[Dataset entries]
lemma tabs_iff_adm_path: "length lam = k \<Longrightarrow> t \<in> tabs k r lam \<longleftrightarrow> adm_path k r lam t"
  using adm_path_of_tabs tabs_of_adm_path by blast

section \<open>The \<open>r\<close>-conjugate\<close>

lemma mod_add_diff_eq_0_iff:
  fixes x l j :: nat
  assumes "j < l"
  shows "(x + (l - j)) mod l = 0 \<longleftrightarrow> x mod l = j"
proof -
  have "(z + (l - j)) mod l = 0 \<longleftrightarrow> z = j" if "z < l" for z
  proof (cases "z < j")
    case True
    then have "z + (l - j) < l" "0 < z + (l - j)"
      using assms by auto
    then show ?thesis
      using True assms by simp
  next
    case False
    then have "z + (l - j) = (z - j) + l"
      using assms by simp
    then have "(z + (l - j)) mod l = z - j"
      using that by (simp only: mod_add_self2) simp
    then show ?thesis
      using False by simp
  qed
  moreover have "(x + (l - j)) mod l = (x mod l + (l - j)) mod l"
    by (simp add: mod_add_left_eq)
  ultimately show ?thesis
    using assms by simp
qed

lemma card_less_mod_eq:
  fixes l j x :: nat
  assumes j: "j < l"
  shows "card {c. c < x \<and> c mod l = j} = (x + l - Suc j) div l"
proof (induction x)
  case (Suc x)
  have "{c. c < Suc x \<and> c mod l = j} = {c. c < x \<and> c mod l = j} \<union> (if x mod l = j then {x} else {})"
    by (auto simp: less_Suc_eq)
  then have "card {c. c < Suc x \<and> c mod l = j} = (x + l - Suc j) div l + (if x mod l = j then 1 else 0)"
    using Suc.IH by (simp add: card_insert_if)
  also have "\<dots> = Suc (x + l - Suc j) div l"
    using j div_Suc[of "x + l - Suc j" l] mod_add_diff_eq_0_iff[OF j, of x]
    by (simp add: Suc_diff_Suc)
  also have "Suc (x + l - Suc j) = Suc x + l - Suc j"
    using j by simp
  finally show ?case .
qed (use j in simp)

> **WHAT IS NEEDED**: The answer must be a single number: how many lines above contain "assms".

> **FINAL ANSWER**: 4